Given two ordered sets of words \$a_1, a_2, ..., a_k\$, \$b_1, b_2, ..., b_k\$ taking values in some discrete alphabet \$A\$, a solution to the PCP problem is a sequence \$i_1, ..., i_n\$ taking values in \$1, 2,..., k\$ such that \$a_{i_1}|a_{i_2}|...|a_{i_n}=b_{i_1}|b_{i_2}|...|b_{i_n}\$ where \$|\$ means concatenation. \$k\$ can be called the length of the problem, \$n\$ the length of the solution and if we let \$w\$ be the length of the largest word in \$a_1, a_2, ..., a_k, b_1, b_2, ..., b_k\$, \$w\$ is called the width of the problem.

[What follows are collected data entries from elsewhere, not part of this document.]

(* Work in the work extraction game described in the context. Let $\rho$ and $\sigma$ be states on the same number $d=2n+1$ of levels. Assume that each of $\rho$ and $\sigma$ has at least $n+1$ levels with occupation probability $0$ and energy $+\infty$. Let $\varepsilon\in[0,1)$. Then the bound $W^\varepsilon(\rho\to\sigma)$ is achievable in the following sense. For every $\delta>0$ there is a strategy, starting from $\rho$ and ending with the energies of $\sigma$, such that: - with probability at least $1-\varepsilon-\delta$, the total extracted work satisfies $W_{\rm tot}\ge W^\varepsilon(\rho\to\sigma)-\delta$; - conditioned on this event, the distribution of the final occupied level is within total variation distance $\delta$ of the occupation probabilities of $\sigma$. (The paper constructs an explicit protocol realising this as a limit.)
   Context: Conventions. The constants $k>0$ (Boltzmann's constant) and $T>0$ (temperature) are fixed. A state is a finite-level system with energies $E_1,\dots,E_d\in\mathbb{R}\cup\{+\infty\}$, not all $+\infty$, together with a diagonal density matrix $\rho=\sum_i\lambda_i|e_i\rangle\langle e_i|$. Equivalently, it is a probability vector $(\lambda_i)$ over the levels, and we require $\lambda_i=0$ whenever $E_i=+\infty$. Gibbs rescaling. $G^T(\rho)$ is the function on $[0,\infty)$ built as follows. Each level $i$ with $E_i<\infty$ is represented by a block: an interval of length $e^{-E_i/kT}$ on which the function takes the constant value $\lambda_i e^{E_i/kT}$, so the block has area $\lambda_i$. The blocks are placed consecutively starting at $0$, in order of nonincreasing height. The function is $0$ beyond $Z=\sum_{i:E_i<\infty}e^{-E_i/kT}$. Thus $G^T(\rho)$ is a nonincreasing probability density supported in $[0,Z]$. Relative mixedness. For nonincreasing integrable functions $f,g\ge 0$ on $[0,\infty)$, $$M(f\|g):=\max\Big\{m>0:\ \int_0^l f(x)\,dx\ge\int_0^{lm}g(x)\,dx\ \text{for all } l\ge 0\Big\}.$$ For $\varepsilon\in[0,1)$ define $$W^\varepsilon(\rho\to\sigma):=kT\ln M\big(G^T(\rho)/(1-\varepsilon)\,\big\|\,G^T(\sigma)\big).$$ Work extraction game. - A working medium has levels $1,\dots,d$. At each time it has an energy assignment $E\in(\mathbb{R}\cup\{+\infty\})^d$ and occupies exactly one (random) level. - For an assignment $E$, the Gibbs vector is $\gamma_E(i)=e^{-E_i/kT}/\sum_j e^{-E_j/kT}$, which is $0$ for levels at $+\infty$. - A strategy is a finite sequence of elementary steps, fixed in advance and independent of the random outcomes. Each step is one of two kinds. - (i) Thermalisation. Choose a $d\times d$ column-stochastic matrix $B$ with $B\gamma_E=\gamma_E$ for the current energies $E$. If the current level is $j$, the new level is $i$ with probability $B_{ij}$. Energies are unchanged and no work is exchanged. - (ii) Energy change. Choose a set $S$ of levels and new values for the energies of the levels in $S$; the other energies are unchanged and the occupied level is unchanged. If the occupied level $i$ lies in $S$, the work reservoir receives extracted work $E_i^{\rm old}-E_i^{\rm new}$; otherwise it receives $0$. (The paper changes all levels in $S$ by a common amount; arbitrary changes are compositions of such steps.) - The total extracted work $W_{\rm tot}$ is the sum over steps. By convention, a realisation in which some step yields work $-\infty$ (an occupied level raised to $+\infty$) has $W_{\rm tot}=-\infty$. - The initial energies are those of $\rho$ and the initial occupied level is distributed according to $\rho$'s occupation probabilities. *)

theory Defs
  imports "HOL-Analysis.Analysis" "HOL-Library.Extended_Real"
begin

text \<open>Energies take values in ereal; the
  value -\<infinity> is excluded by validity conditions, +\<infinity> is allowed.
  k is Boltzmann's constant and T the temperature (both passed explicitly).\<close>

definition is_state :: "nat \<Rightarrow> (nat \<Rightarrow> ereal) \<Rightarrow> (nat \<Rightarrow> real) \<Rightarrow> bool" where
  "is_state d E lam \<longleftrightarrow>
     (\<forall>i<d. E i \<noteq> -\<infinity>) \<and> (\<exists>i<d. E i \<noteq> \<infinity>) \<and>
     (\<forall>i<d. 0 \<le> lam i) \<and> (\<Sum>i<d. lam i) = 1 \<and>
     (\<forall>i<d. E i = \<infinity> \<longrightarrow> lam i = 0)"

definition bweight :: "real \<Rightarrow> real \<Rightarrow> ereal \<Rightarrow> real" where
  "bweight k T e = (if e = \<infinity> then 0 else exp (- real_of_ereal e / (k * T)))"

definition block_height :: "real \<Rightarrow> real \<Rightarrow> (nat \<Rightarrow> ereal) \<Rightarrow> (nat \<Rightarrow> real) \<Rightarrow> nat \<Rightarrow> real" where
  "block_height k T E lam i = lam i * exp (real_of_ereal (E i) / (k * T))"

definition finite_levels :: "nat \<Rightarrow> (nat \<Rightarrow> ereal) \<Rightarrow> nat set" where
  "finite_levels d E = {i. i < d \<and> E i \<noteq> \<infinity>}"

text \<open>Start of the block of level i: blocks are ordered by nonincreasing height,
  ties broken by the level index.\<close>
definition block_start :: "real \<Rightarrow> real \<Rightarrow> nat \<Rightarrow> (nat \<Rightarrow> ereal) \<Rightarrow> (nat \<Rightarrow> real) \<Rightarrow> nat \<Rightarrow> real" where
  "block_start k T d E lam i =
     (\<Sum>j \<in> {j \<in> finite_levels d E.
              block_height k T E lam j > block_height k T E lam i \<or>
              (block_height k T E lam j = block_height k T E lam i \<and> j < i)}.
        bweight k T (E j))"

definition gibbs_rescaling :: "real \<Rightarrow> real \<Rightarrow> nat \<Rightarrow> (nat \<Rightarrow> ereal) \<Rightarrow> (nat \<Rightarrow> real) \<Rightarrow> real \<Rightarrow> real" where
  "gibbs_rescaling k T d E lam x =
     (\<Sum>i \<in> finite_levels d E.
        if block_start k T d E lam i \<le> x \<and> x < block_start k T d E lam i + bweight k T (E i)
        then block_height k T E lam i else 0)"

definition rel_mixedness :: "(real \<Rightarrow> real) \<Rightarrow> (real \<Rightarrow> real) \<Rightarrow> real" where
  "rel_mixedness f g =
     (GREATEST m. m > 0 \<and> (\<forall>l\<ge>0. integral {0..l} f \<ge> integral {0..l * m} g))"

definition work_bound :: "real \<Rightarrow> real \<Rightarrow> nat \<Rightarrow> real \<Rightarrow>
    (nat \<Rightarrow> ereal) \<Rightarrow> (nat \<Rightarrow> real) \<Rightarrow> (nat \<Rightarrow> ereal) \<Rightarrow> (nat \<Rightarrow> real) \<Rightarrow> real" where
  "work_bound k T d \<epsilon> E\<rho> lam\<rho> E\<sigma> lam\<sigma> =
     k * T * ln (rel_mixedness (\<lambda>x. gibbs_rescaling k T d E\<rho> lam\<rho> x / (1 - \<epsilon>))
                               (gibbs_rescaling k T d E\<sigma> lam\<sigma>))"

datatype step =
    Therm "nat \<Rightarrow> nat \<Rightarrow> real"   \<comment> \<open>B i j = probability of moving from level j to level i\<close>
  | Change "nat set" "nat \<Rightarrow> ereal"

definition gibbs_vec :: "real \<Rightarrow> real \<Rightarrow> nat \<Rightarrow> (nat \<Rightarrow> ereal) \<Rightarrow> nat \<Rightarrow> real" where
  "gibbs_vec k T d E i = bweight k T (E i) / (\<Sum>j<d. bweight k T (E j))"

fun apply_step :: "(nat \<Rightarrow> ereal) \<Rightarrow> step \<Rightarrow> (nat \<Rightarrow> ereal)" where
  "apply_step E (Therm B) = E"
| "apply_step E (Change S F) = (\<lambda>i. if i \<in> S then F i else E i)"

fun valid_step :: "real \<Rightarrow> real \<Rightarrow> nat \<Rightarrow> (nat \<Rightarrow> ereal) \<Rightarrow> step \<Rightarrow> bool" where
  "valid_step k T d E (Therm B) \<longleftrightarrow>
     (\<forall>i<d. \<forall>j<d. 0 \<le> B i j) \<and> (\<forall>j<d. (\<Sum>i<d. B i j) = 1) \<and>
     (\<forall>i<d. (\<Sum>j<d. B i j * gibbs_vec k T d E j) = gibbs_vec k T d E i)"
| "valid_step k T d E (Change S F) \<longleftrightarrow> S \<subseteq> {..<d} \<and> (\<forall>i\<in>S. F i \<noteq> -\<infinity>)"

I know that the PCP problem becomes decidable in several scenarios, for instance: for bounded \$n\$, or if \$A\$ is unary, etc. On the other hand for \$k\geq7\$ PCP is still undecidable. My question is, is there any result known for bounded values of \$w\$?

###### Asked By : Al Learner

If \$w\$ is bounded, and the alphabet size is bounded, then the number of possible words is bounded. Thus, there is only a finite number of possible instances, so the problem becomes a finite languages, and hence decidable.

If you don't bound the alphabet, then you can encode any width of \$w\$ by adding more letters, so the problem is the same as standard PCP, and hence undecidable.